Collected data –
· · · ·

(* Let $G$ be the directed graph with distinct vertices $v_1,v_2,\dots$, $w_2,w_3,\dots$, and $u_2,u_3,\dots$; write $w_1:=v_1$. Its edges are $v_i\to v_{i+1}$ ($i\ge1$), $w_i\to w_{i+1}$ ($i\ge1$), $w_i\to u_i$ ($i\ge2$), and $u_i\to v_{i+1}$ ($i\ge2$), and birthdates are $t(v_i)=t(w_i)=i$, $t(u_i)=i+\tfrac12$. Then $(G,t)$ is an infinite biosphere, and $v_2$ does not belong to any maximal element of $\mathrm{IAP}\cap\mathrm{CA}\cap\mathrm{REF}$.
   Context: An infinite biosphere is a directed graph $G$ together with a function $t$ assigning a real number $t(v)$ to each vertex, such that: (1) if $v$ is a parent of $w$ (edge from $v$ to $w$) then $t(v)<t(w)$; (2) for every $r\in\mathbb R$ at most finitely many vertices $v$ have $t(v)<r$; (3) every vertex has finitely many children; (4) $G$ is infinite. $v$ is an ancestor of $w$ (and $w$ a descendant of $v$) if there is a directed path $v=v_1,\dots,v_n=w$ with $n>1$. $\mathrm{IAP}$: sets $S$ of vertices such that no $v\in S$ has both infinitely many descendants in $S$ and infinitely many non-descendants in $S$. $\mathrm{CA}$: sets $S$ for which there exists $v\in S$ such that every $w\in S$ with $w\neq v$ is a descendant of $v$. $\mathrm{REF}$: sets $S$ such that every $v\in S$ with infinitely many descendants in $G$ has infinitely many descendants in $S$. A maximal element of a family of sets is a member not properly contained in any other member. *)

theory Defs
  imports Main Complex_Main
begin
lemma L_op_solution_eq_0:
  assumes "1 \<le> p" and "p \<le> n" and "a < b" and D: "Ck_derivs (2 * n) {a..b} z D"
    and L: "\<And>x. x \<in> {a..b} \<Longrightarrow> L_op p n \<Lambda> D x = 0"
    and bc: "\<And>j. j < n \<Longrightarrow> D j a = 0 \<and> D j b = 0" and "D n b = 0"
    and "x \<in> {a..b}"
  shows "z x = 0"
proof -
  have cont: "\<And>j. j \<le> 2 * n \<Longrightarrow> continuous_on {a..b} (D j)"
    using D by (simp add: Ck_derivs_def)
  have weak_form: "(-1) ^ n * integral {a..b} (\<lambda>x. D (2 * n) x * h x)
      = \<Lambda> * (-1) ^ (n - p) * integral {a..b} (\<lambda>x. D (2 * (n - p)) x * h x)"
    if "continuous_on {a..b} h" for h
  proof -
    have "integral {a..b} (\<lambda>x. L_op p n \<Lambda> D x * h x) = integral {a..b} (\<lambda>x. 0)"
      using L by (intro integral_cong) simp
    then show ?thesis
      using integral_L_op_mult[of a b D n p h \<Lambda>] cont that by (simp add: diff_mult_distrib2)
  qed
  define A where "A = integral {a..b} (\<lambda>x. (D n x)\<^sup>2)"
  define B where "B = integral {a..b} (\<lambda>x. (D (n - p) x)\<^sup>2)"
  have sign_sq: "(-1::real) ^ k * (-1) ^ k = 1" for k :: nat
    by (simp flip: power_add)
  have "n \<noteq> 0"
    using assms(1,2) by linarith
  have "(-1) ^ n * ((-1) ^ n * A) = \<Lambda> * (-1) ^ (n - p) * ((-1) ^ (n - p) * B)"
    using weak_form[of "D 0"] cont
      Ck_derivs_energy_identity[OF _ D, of n] Ck_derivs_energy_identity[OF _ D, of "n - p"]
      \<open>a < b\<close> bc
    unfolding A_def B_def by simp
  then have energy: "A = \<Lambda> * B"
    by (simp add: mult.assoc[symmetric] sign_sq)
  have "continuous_on {a..b} (\<lambda>x. (x - a) * D 1 x)"
    using cont[of 1] \<open>n \<noteq> 0\<close> by (intro continuous_intros) simp
  then have "(-1) ^ n * ((-1) ^ n * (real n - 1/2) * A) = \<Lambda> * (-1) ^ (n - p) * ((-1) ^ (n - p) * (real (n - p) - 1/2) * B)"
    using weak_form[of "\<lambda>x. (x - a) * D 1 x"] cont \<open>n \<noteq> 0\<close> \<open>D n b = 0\<close> \<open>a < b\<close> bc assms(1)
      Ck_derivs_pohozaev_identity[OF _ D, of n] Ck_derivs_pohozaev_identity[OF _ D, of "n - p"]
    unfolding A_def B_def by simp
  then have pohozaev: "(real n - 1/2) * A = \<Lambda> * (real (n - p) - 1/2) * B"
    by (simp add: mult.assoc[symmetric] sign_sq)
  have "real p * A = 0"
    using energy pohozaev \<open>p \<le> n\<close> by (simp add: algebra_simps)
  then have "A = 0"
    using \<open>1 \<le> p\<close> by simp
  moreover have "continuous_on {a..b} (\<lambda>x. (D n x)\<^sup>2)"
    using cont[of n] by (intro continuous_intros) simp
  ultimately have "D n y = 0" if "y \<in> {a..b}" for y
    using integral_eq_0_iff[of a b "\<lambda>x. (D n x)\<^sup>2"] \<open>a < b\<close> that
    unfolding A_def by simp
  then show ?thesis
    using Ck_derivs_eq_0_if_derivative_eq_0[OF _ D _ _ _ \<open>x \<in> {a..b}\<close>, of n] \<open>a < b\<close> bc by simp
qed

theorem mainTheorem7:
  fixes p n :: nat and \<Lambda> :: real and z1 z2 :: "real \<Rightarrow> real"
  assumes "p \<ge> 1" and "n \<ge> p"
    and "even_sol p n \<Lambda> z1" and "even_sol p n \<Lambda> z2"
  shows "\<exists>a b :: real. (a \<noteq> 0 \<or> b \<noteq> 0) \<and> (\<forall>x\<in>{-1..1}. a * z1 x + b * z2 x = 0)"
proof -
  obtain D1 where D1: "Ck_derivs (2 * n) {-1..1} z1 D1" "\<forall>x\<in>{-1..1}. L_op p n \<Lambda> D1 x = 0"
    "\<forall>j<n. D1 j 1 = 0 \<and> D1 j (-1) = 0"
    using assms(3) unfolding even_sol_def by blast
  obtain D2 where D2: "Ck_derivs (2 * n) {-1..1} z2 D2" "\<forall>x\<in>{-1..1}. L_op p n \<Lambda> D2 x = 0"
    "\<forall>j<n. D2 j 1 = 0 \<and> D2 j (-1) = 0"
    using assms(4) unfolding even_sol_def by blast
  obtain a b :: real where "a \<noteq> 0 \<or> b \<noteq> 0" and "a * D1 n 1 + b * D2 n 1 = 0"
  proof (cases "D1 n 1 = 0")
    case True
    then show ?thesis
      using that[of 1 0] by simp
  next
    case False
    then show ?thesis
      using that[of "D2 n 1" "- D1 n 1"] by (simp add: mult.commute)
  qed
  moreover have "a * z1 x + b * z2 x = 0" if "x \<in> {-1..1}" for x
    by (rule L_op_solution_eq_0[OF assms(1,2) _ Ck_derivs_lincomb[OF D1(1) D2(1)], where \<Lambda> = \<Lambda>])
      (use D1 D2 that \<open>a * D1 n 1 + b * D2 n 1 = 0\<close> in \<open>auto simp: L_op_lincomb\<close>)
  ultimately show ?thesis
    by blast
qed

end
lemma covering_code_span_image:
  assumes "2 \<le> \<alpha>"
    and independent_B: "\<And>J. finite J \<Longrightarrow> J \<subseteq> I \<Longrightarrow> card J \<le> \<alpha> \<Longrightarrow> vec.independent (\<Union> (B ` J))"
  shows "covering_code k ((\<alpha> - 1) * k) \<alpha> ((\<lambda>i. vec.span (B i)) ` I)"
  unfolding covering_code_def
proof (intro conjI allI impI)
  show "(\<lambda>i. vec.span (B i)) ` I \<subseteq> grassmannian k"
    unfolding grassmannian_def
    using dim_span_Union_bases[of "{i}" for i] independent_B[of "{i}" for i] assms(1)
    by (auto simp: vec.subspace_span)
next
  fix S
  assume S: "S \<subseteq> (\<lambda>i. vec.span (B i)) ` I" "card S = \<alpha>"
  have inj: "inj_on (\<lambda>i. vec.span (B i)) I"
  proof (rule inj_on_span_bases)
    fix i j
    assume "i \<in> I" "j \<in> I"
    then show "vec.independent (\<Union> (B ` {i, j}))"
      using assms(1) by (intro independent_B) (auto simp: card_insert_if)
  qed
  define J where "J = {i \<in> I. vec.span (B i) \<in> S}"
  have S_eq: "S = (\<lambda>i. vec.span (B i)) ` J"
    using S(1) unfolding J_def by auto
  have "J \<subseteq> I"
    unfolding J_def by blast
  have "card S = card J"
    unfolding S_eq using inj_on_subset[OF inj \<open>J \<subseteq> I\<close>] by (rule card_image)
  then have card_J: "card J = \<alpha>"
    using S(2) by simp
  then have J: "finite J" "J \<subseteq> I"
    using assms(1) card.infinite \<open>J \<subseteq> I\<close> by fastforce+
  have "\<Union> (B ` J) \<subseteq> vec.span (\<Union> S)"
    unfolding S_eq by (auto intro: UN_I vec.span_base)
  then have "card (\<Union> (B ` J)) \<le> vec.dim (vec.span (\<Union> S))"
    using independent_B J card_J by (intro vec.independent_card_le_dim) auto
  then show "k + (\<alpha> - 1) * k \<le> vec.dim (vec.span (\<Union> S))"
    using card_Union_bases[OF J] card_J assms(1) by (simp add: algebra_simps)
qed

end

definition block_vector :: "(nat \<times> nat \<Rightarrow> 'n) \<Rightarrow> nat set \<Rightarrow> nat \<Rightarrow> bit^'n" where
  "block_vector g X j = (\<chi> p. if p \<in> g ` (insert 0 X \<times> {j}) then 1 else 0)"

definition block_basis :: "(nat \<times> nat \<Rightarrow> 'n) \<Rightarrow> nat \<Rightarrow> nat set \<Rightarrow> (bit^'n) set" where
  "block_basis g k X = block_vector g X ` {..<k}"

context
  fixes g :: "nat \<times> nat \<Rightarrow> 'n::finite" and k m :: nat
  assumes g_inj: "inj_on g ({..m} \<times> {..<k})"
begin

lemma block_vector_nth:
  assumes "X \<subseteq> {1..m}" "j < k" "i \<le> m" "j' < k"
  shows "block_vector g X j $ g (i, j') = (if j' = j \<and> i \<in> insert 0 X then 1 else 0)"
proof -
  have "g (i, j') \<in> g ` (insert 0 X \<times> {j}) \<longleftrightarrow> (i, j') \<in> insert 0 X \<times> {j}"
    by (rule inj_on_image_mem_iff[OF g_inj]) (use assms in auto)
  then show ?thesis
    by (simp add: block_vector_def)
qed

lemma block_vector_eq_iff:
  assumes "X \<subseteq> {1..m}" "Y \<subseteq> {1..m}" "j < k" "j' < k"
  shows "block_vector g X j = block_vector g Y j' \<longleftrightarrow> X = Y \<and> j = j'"
proof
  assume eq: "block_vector g X j = block_vector g Y j'"
  have "block_vector g Y j' $ g (0, j) = 1"
    using block_vector_nth[of X j 0 j] eq assms by simp
  then have "j = j'"
    using block_vector_nth[of Y j' 0 j] assms by (simp split: if_splits)
  have "i \<in> X \<longleftrightarrow> i \<in> Y" if "i \<in> {1..m}" for i
    using block_vector_nth[of X j i j] block_vector_nth[of Y j i j] eq \<open>j = j'\<close> assms that
    by (auto split: if_splits)
  then have "X = Y"
    using assms(1,2) by blast
  with \<open>j = j'\<close> show "X = Y \<and> j = j'"
    by simp
qed simp

lemma card_block_basis:
  assumes "X \<subseteq> {1..m}"
  shows "card (block_basis g k X) = k"
proof -
  have "inj_on (block_vector g X) {..<k}"
    using block_vector_eq_iff[OF assms assms] by (auto intro: inj_onI)
  then show ?thesis
    unfolding block_basis_def by (simp add: card_image)
qed

lemma disjoint_block_bases:
  assumes "X \<subseteq> {1..m}" "Y \<subseteq> {1..m}" "X \<noteq> Y"
  shows "block_basis g k X \<inter> block_basis g k Y = {}"
  using block_vector_eq_iff[OF assms(1,2)] assms(3) unfolding block_basis_def by auto

lemma sum_block_vectors_nth:
  assumes S: "S \<subseteq> Pow {1..m}" and T: "T \<subseteq> \<Union> (block_basis g k ` S)"
    and "i \<le> m" "j < k"
  shows "sum id T $ g (i, j) = of_nat (card {Y \<in> S. block_vector g Y j \<in> T \<and> i \<in> insert 0 Y})"
proof -
  have "finite S"
    using S finite_subset by blast
  then have "finite T"
    using T finite_subset unfolding block_basis_def by blast
  have "sum id T $ g (i, j) = (\<Sum>v\<in>T. v $ g (i, j))"
    by simp
  also have "\<dots> = of_nat (card {v \<in> T. v $ g (i, j) = 1})"
    using \<open>finite T\<close> by (rule sum_bit_eq_card)
  also have "{v \<in> T. v $ g (i, j) = 1} = (\<lambda>Y. block_vector g Y j) ` {Y \<in> S. block_vector g Y j \<in> T \<and> i \<in> insert 0 Y}"
  proof (intro equalityI subsetI)
    fix v
    assume v: "v \<in> {v \<in> T. v $ g (i, j) = 1}"
    then obtain Y j' where Y: "Y \<in> S" "j' < k" "v = block_vector g Y j'"
      using T unfolding block_basis_def by blast
    then have "j' = j \<and> i \<in> insert 0 Y"
      using v block_vector_nth[of Y j' i j] S assms(3,4) by (auto split: if_splits)
    then show "v \<in> (\<lambda>Y. block_vector g Y j) ` {Y \<in> S. block_vector g Y j \<in> T \<and> i \<in> insert 0 Y}"
      using v Y by auto
  next
    fix v
    assume "v \<in> (\<lambda>Y. block_vector g Y j) ` {Y \<in> S. block_vector g Y j \<in> T \<and> i \<in> insert 0 Y}"
    then show "v \<in> {v \<in> T. v $ g (i, j) = 1}"
      using block_vector_nth S assms(3,4) by auto
  qed
  also have "card \<dots> = card {Y \<in> S. block_vector g Y j \<in> T \<and> i \<in> insert 0 Y}"
  proof (rule card_image, rule inj_onI)
    fix X Y
    assume "X \<in> {Y \<in> S. block_vector g Y j \<in> T \<and> i \<in> insert 0 Y}"
      "Y \<in> {Y \<in> S. block_vector g Y j \<in> T \<and> i \<in> insert 0 Y}"
      "block_vector g X j = block_vector g Y j"
    then show "X = Y"
      using block_vector_eq_iff[of X Y j j] S assms(4) by blast
  qed
  finally show ?thesis .
qed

· · · ·

Work task – Where does the string "rule" appear in the records above? Return every line that holds it.

Response –
    by (rule L_op_solution_eq_0[OF assms(1,2) _ Ck_derivs_lincomb[OF D1(1) D2(1)], where \<Lambda> = \<Lambda>])
  proof (rule inj_on_span_bases)
    unfolding S_eq using inj_on_subset[OF inj \<open>J \<subseteq> I\<close>] by (rule card_image)
    by (rule inj_on_image_mem_iff[OF g_inj]) (use assms in auto)
    using \<open>finite T\<close> by (rule sum_bit_eq_card)
  proof (rule card_image, rule inj_onI)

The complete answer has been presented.